--- Data shown ---

(* Let $q$ be a prime power, $m\ge 1$, and let $\mathcal{C}\subseteq\mathbb{F}_{q^m}^n$ be an $\mathbb{F}_{q^m}$-linear code of dimension $k$ whose length $n=n_1+\dots+n_\ell$ is partitioned into $\ell$ blocks (all $n_i>0$). Let $\mathbf{H}=(\mathbf{H}^{(1)}\mid\dots\mid\mathbf{H}^{(\ell)})\in\mathbb{F}_{q^m}^{(n-k)\times n}$, $\mathbf{H}^{(i)}\in\mathbb{F}_{q^m}^{(n-k)\times n_i}$, be a parity-check matrix of $\mathcal{C}$. Let $s\ge 1$ and let $\mathbf{E}=(\mathbf{E}^{(1)}\mid\dots\mid\mathbf{E}^{(\ell)})\in\mathbb{F}_{q^m}^{s\times n}$ with $\mathbf{E}^{(i)}\in\mathbb{F}_{q^m}^{s\times n_i}$ and $\operatorname{rk}_q(\mathbf{E}^{(i)})=t_i$ for all $i\in[1:\ell]$, so that $\mathbf{E}$ has sum-rank weight $t=\sum_{i=1}^\ell t_i$, and assume $t<n-k$. Let $\mathbf{S}=\mathbf{H}\mathbf{E}^\top\in\mathbb{F}_{q^m}^{(n-k)\times s}$ and let $\mathbf{P}\in\mathbb{F}_{q^m}^{(n-k)\times(n-k)}$ with $\operatorname{rk}_{q^m}(\mathbf{P})=n-k$ be such that $\mathbf{P}\mathbf{S}$ is in row-echelon form. Then $\mathbf{P}\mathbf{S}$ has at least $n-k-t$ zero rows. Moreover, if $\mathbf{H}_{\mathrm{sub}}$ denotes the submatrix of $\mathbf{P}\mathbf{H}$ consisting of the rows corresponding to the zero rows of $\mathbf{P}\mathbf{S}$, then the $\mathbb{F}_{q^m}$-row space of $\mathbf{H}_{\mathrm{sub}}$ equals $\ker_r(\mathbf{E})_{q^m}\cap\mathcal{C}^\perp$, equivalently $\ker_r(\mathbf{E})_{q^m}$ intersected with the $\mathbb{F}_{q^m}$-row space of $\mathbf{H}$.
   Context: Fix an ordered basis $\mathbf{b}=(b_1,\dots,b_m)$ of $\mathbb{F}_{q^m}$ over $\mathbb{F}_q$; for $\alpha\in\mathbb{F}_{q^m}$, $\operatorname{ext}(\alpha)\in\mathbb{F}_q^{m}$ is the column vector with $\alpha=\mathbf{b}\cdot\operatorname{ext}(\alpha)$, and $\operatorname{ext}$ is applied entrywise to vectors and matrices (an $a\times b$ matrix over $\mathbb{F}_{q^m}$ becomes an $am\times b$ matrix over $\mathbb{F}_q$). For a matrix $\mathbf{X}$ over $\mathbb{F}_{q^m}$, $\operatorname{rk}_q(\mathbf{X}):=\operatorname{rk}(\operatorname{ext}(\mathbf{X}))$ over $\mathbb{F}_q$ and $\operatorname{rk}_{q^m}$ is the usual rank over $\mathbb{F}_{q^m}$. For a vector $\mathbf{x}=(\mathbf{x}^{(1)}\mid\dots\mid\mathbf{x}^{(\ell)})$ (or matrix with column blocks) the sum-rank weight w.r.t. the partition $(n_1,\dots,n_\ell)$ is $\sum_i\operatorname{rk}_q(\mathbf{x}^{(i)})$. For a matrix $\mathbf{M}$ over $\mathbb{F}_{q^m}$ with $n$ columns, $\ker_r(\mathbf{M})_{q^m}=\{\mathbf{v}\in\mathbb{F}_{q^m}^n:\mathbf{M}\mathbf{v}^\top=\mathbf{0}\}$. $\mathcal{C}^\perp$ is the dual code, i.e. the $\mathbb{F}_{q^m}$-row space of $\mathbf{H}$. *)

theory Defs
  imports "Jordan_Normal_Form.DL_Rank" "Jordan_Normal_Form.DL_Submatrix"
begin

text \<open>The small field F_q is a finite field type 'f, embedded into the big field type 'a
  (playing F_{q^m}) via a field homomorphism emb. A basis b of 'a over 'f has length m.\<close>

definition ext_elem :: "('f::field \<Rightarrow> 'a::field) \<Rightarrow> 'a list \<Rightarrow> 'a \<Rightarrow> 'f vec" where
  "ext_elem emb b \<alpha> = (THE c. c \<in> carrier_vec (length b) \<and>
       \<alpha> = (\<Sum>j<length b. emb (c $ j) * b ! j))"

text \<open>ext applied entrywise: an a x c matrix becomes an (a*m) x c matrix over 'f;
  entry (i,j) is replaced by the column ext(X(i,j)), occupying rows i*m .. i*m+m-1.\<close>
definition ext_mat :: "('f::field \<Rightarrow> 'a::field) \<Rightarrow> 'a list \<Rightarrow> 'a mat \<Rightarrow> 'f mat" where
  "ext_mat emb b X = mat (dim_row X * length b) (dim_col X)
      (\<lambda>(r, c). ext_elem emb b (X $$ (r div length b, c)) $ (r mod length b))"

definition rank_q :: "('f::field \<Rightarrow> 'a::field) \<Rightarrow> 'a list \<Rightarrow> 'a mat \<Rightarrow> nat" where
  "rank_q emb b X = vec_space.rank (dim_row (ext_mat emb b X)) (ext_mat emb b X)"

definition rank_qm :: "'a::field mat \<Rightarrow> nat" where
  "rank_qm A = vec_space.rank (dim_row A) A"

definition col_block :: "nat list \<Rightarrow> nat \<Rightarrow> 'a mat \<Rightarrow> 'a mat" where
  "col_block ns i X = submatrix X UNIV {sum_list (take i ns) ..< sum_list (take (Suc i) ns)}"

definition sum_rank_weight :: "('f::field \<Rightarrow> 'a::field) \<Rightarrow> 'a list \<Rightarrow> nat list \<Rightarrow> 'a mat \<Rightarrow> nat" where
  "sum_rank_weight emb b ns X = (\<Sum>i<length ns. rank_q emb b (col_block ns i X))"

text \<open>(Not necessarily reduced) row echelon form: f i is the pivot column of row i
  (= number of columns if the row is zero); pivots strictly increase, zero rows at the bottom.\<close>
definition row_echelon :: "'a::zero mat \<Rightarrow> bool" where
  "row_echelon A \<longleftrightarrow> (\<exists>f. \<forall>i < dim_row A. f i \<le> dim_col A \<and>
      (\<forall>j < f i. A $$ (i, j) = 0) \<and>
      (f i < dim_col A \<longrightarrow> A $$ (i, f i) \<noteq> 0) \<and>
      (Suc i < dim_row A \<longrightarrow> f i < f (Suc i) \<or> f (Suc i) = dim_col A))"

definition row_space :: "'a::comm_ring_1 mat \<Rightarrow> 'a vec set" where
  "row_space M = {v. \<exists>x \<in> carrier_vec (dim_row M). v = transpose_mat M *\<^sub>v x}"

definition right_kernel :: "'a::comm_ring_1 mat \<Rightarrow> 'a vec set" where
  "right_kernel M = {v \<in> carrier_vec (dim_col M). M *\<^sub>v v = 0\<^sub>v (dim_row M)}"

definition dual_code :: "nat \<Rightarrow> 'a::comm_ring_1 vec set \<Rightarrow> 'a vec set" where
  "dual_code n C = {v \<in> carrier_vec n. \<forall>c \<in> C. v \<bullet> c = 0}"

definition zero_rows :: "'a::zero mat \<Rightarrow> nat set" where
  "zero_rows A = {j. j < dim_row A \<and> row A j = 0\<^sub>v (dim_col A)}"

end

theory Submission
  imports Defs
begin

---

▶ What the task requires: Each record above, from first to last, should be written out again exactly.

▶ Response to the task:
(* Let $q$ be a prime power, $m\ge 1$, and let $\mathcal{C}\subseteq\mathbb{F}_{q^m}^n$ be an $\mathbb{F}_{q^m}$-linear code of dimension $k$ whose length $n=n_1+\dots+n_\ell$ is partitioned into $\ell$ blocks (all $n_i>0$). Let $\mathbf{H}=(\mathbf{H}^{(1)}\mid\dots\mid\mathbf{H}^{(\ell)})\in\mathbb{F}_{q^m}^{(n-k)\times n}$, $\mathbf{H}^{(i)}\in\mathbb{F}_{q^m}^{(n-k)\times n_i}$, be a parity-check matrix of $\mathcal{C}$. Let $s\ge 1$ and let $\mathbf{E}=(\mathbf{E}^{(1)}\mid\dots\mid\mathbf{E}^{(\ell)})\in\mathbb{F}_{q^m}^{s\times n}$ with $\mathbf{E}^{(i)}\in\mathbb{F}_{q^m}^{s\times n_i}$ and $\operatorname{rk}_q(\mathbf{E}^{(i)})=t_i$ for all $i\in[1:\ell]$, so that $\mathbf{E}$ has sum-rank weight $t=\sum_{i=1}^\ell t_i$, and assume $t<n-k$. Let $\mathbf{S}=\mathbf{H}\mathbf{E}^\top\in\mathbb{F}_{q^m}^{(n-k)\times s}$ and let $\mathbf{P}\in\mathbb{F}_{q^m}^{(n-k)\times(n-k)}$ with $\operatorname{rk}_{q^m}(\mathbf{P})=n-k$ be such that $\mathbf{P}\mathbf{S}$ is in row-echelon form. Then $\mathbf{P}\mathbf{S}$ has at least $n-k-t$ zero rows. Moreover, if $\mathbf{H}_{\mathrm{sub}}$ denotes the submatrix of $\mathbf{P}\mathbf{H}$ consisting of the rows corresponding to the zero rows of $\mathbf{P}\mathbf{S}$, then the $\mathbb{F}_{q^m}$-row space of $\mathbf{H}_{\mathrm{sub}}$ equals $\ker_r(\mathbf{E})_{q^m}\cap\mathcal{C}^\perp$, equivalently $\ker_r(\mathbf{E})_{q^m}$ intersected with the $\mathbb{F}_{q^m}$-row space of $\mathbf{H}$.
   Context: Fix an ordered basis $\mathbf{b}=(b_1,\dots,b_m)$ of $\mathbb{F}_{q^m}$ over $\mathbb{F}_q$; for $\alpha\in\mathbb{F}_{q^m}$, $\operatorname{ext}(\alpha)\in\mathbb{F}_q^{m}$ is the column vector with $\alpha=\mathbf{b}\cdot\operatorname{ext}(\alpha)$, and $\operatorname{ext}$ is applied entrywise to vectors and matrices (an $a\times b$ matrix over $\mathbb{F}_{q^m}$ becomes an $am\times b$ matrix over $\mathbb{F}_q$). For a matrix $\mathbf{X}$ over $\mathbb{F}_{q^m}$, $\operatorname{rk}_q(\mathbf{X}):=\operatorname{rk}(\operatorname{ext}(\mathbf{X}))$ over $\mathbb{F}_q$ and $\operatorname{rk}_{q^m}$ is the usual rank over $\mathbb{F}_{q^m}$. For a vector $\mathbf{x}=(\mathbf{x}^{(1)}\mid\dots\mid\mathbf{x}^{(\ell)})$ (or matrix with column blocks) the sum-rank weight w.r.t. the partition $(n_1,\dots,n_\ell)$ is $\sum_i\operatorname{rk}_q(\mathbf{x}^{(i)})$. For a matrix $\mathbf{M}$ over $\mathbb{F}_{q^m}$ with $n$ columns, $\ker_r(\mathbf{M})_{q^m}=\{\mathbf{v}\in\mathbb{F}_{q^m}^n:\mathbf{M}\mathbf{v}^\top=\mathbf{0}\}$. $\mathcal{C}^\perp$ is the dual code, i.e. the $\mathbb{F}_{q^m}$-row space of $\mathbf{H}$. *)

theory Defs
  imports "Jordan_Normal_Form.DL_Rank" "Jordan_Normal_Form.DL_Submatrix"
begin

text \<open>The small field F_q is a finite field type 'f, embedded into the big field type 'a
  (playing F_{q^m}) via a field homomorphism emb. A basis b of 'a over 'f has length m.\<close>

definition ext_elem :: "('f::field \<Rightarrow> 'a::field) \<Rightarrow> 'a list \<Rightarrow> 'a \<Rightarrow> 'f vec" where
  "ext_elem emb b \<alpha> = (THE c. c \<in> carrier_vec (length b) \<and>
       \<alpha> = (\<Sum>j<length b. emb (c $ j) * b ! j))"

text \<open>ext applied entrywise: an a x c matrix becomes an (a*m) x c matrix over 'f;
  entry (i,j) is replaced by the column ext(X(i,j)), occupying rows i*m .. i*m+m-1.\<close>
definition ext_mat :: "('f::field \<Rightarrow> 'a::field) \<Rightarrow> 'a list \<Rightarrow> 'a mat \<Rightarrow> 'f mat" where
  "ext_mat emb b X = mat (dim_row X * length b) (dim_col X)
      (\<lambda>(r, c). ext_elem emb b (X $$ (r div length b, c)) $ (r mod length b))"

definition rank_q :: "('f::field \<Rightarrow> 'a::field) \<Rightarrow> 'a list \<Rightarrow> 'a mat \<Rightarrow> nat" where
  "rank_q emb b X = vec_space.rank (dim_row (ext_mat emb b X)) (ext_mat emb b X)"

definition rank_qm :: "'a::field mat \<Rightarrow> nat" where
  "rank_qm A = vec_space.rank (dim_row A) A"

definition col_block :: "nat list \<Rightarrow> nat \<Rightarrow> 'a mat \<Rightarrow> 'a mat" where
  "col_block ns i X = submatrix X UNIV {sum_list (take i ns) ..< sum_list (take (Suc i) ns)}"

definition sum_rank_weight :: "('f::field \<Rightarrow> 'a::field) \<Rightarrow> 'a list \<Rightarrow> nat list \<Rightarrow> 'a mat \<Rightarrow> nat" where
  "sum_rank_weight emb b ns X = (\<Sum>i<length ns. rank_q emb b (col_block ns i X))"

text \<open>(Not necessarily reduced) row echelon form: f i is the pivot column of row i
  (= number of columns if the row is zero); pivots strictly increase, zero rows at the bottom.\<close>
definition row_echelon :: "'a::zero mat \<Rightarrow> bool" where
  "row_echelon A \<longleftrightarrow> (\<exists>f. \<forall>i < dim_row A. f i \<le> dim_col A \<and>
      (\<forall>j < f i. A $$ (i, j) = 0) \<and>
      (f i < dim_col A \<longrightarrow> A $$ (i, f i) \<noteq> 0) \<and>
      (Suc i < dim_row A \<longrightarrow> f i < f (Suc i) \<or> f (Suc i) = dim_col A))"

definition row_space :: "'a::comm_ring_1 mat \<Rightarrow> 'a vec set" where
  "row_space M = {v. \<exists>x \<in> carrier_vec (dim_row M). v = transpose_mat M *\<^sub>v x}"

definition right_kernel :: "'a::comm_ring_1 mat \<Rightarrow> 'a vec set" where
  "right_kernel M = {v \<in> carrier_vec (dim_col M). M *\<^sub>v v = 0\<^sub>v (dim_row M)}"

definition dual_code :: "nat \<Rightarrow> 'a::comm_ring_1 vec set \<Rightarrow> 'a vec set" where
  "dual_code n C = {v \<in> carrier_vec n. \<forall>c \<in> C. v \<bullet> c = 0}"

definition zero_rows :: "'a::zero mat \<Rightarrow> nat set" where
  "zero_rows A = {j. j < dim_row A \<and> row A j = 0\<^sub>v (dim_col A)}"

end

theory Submission
  imports Defs
begin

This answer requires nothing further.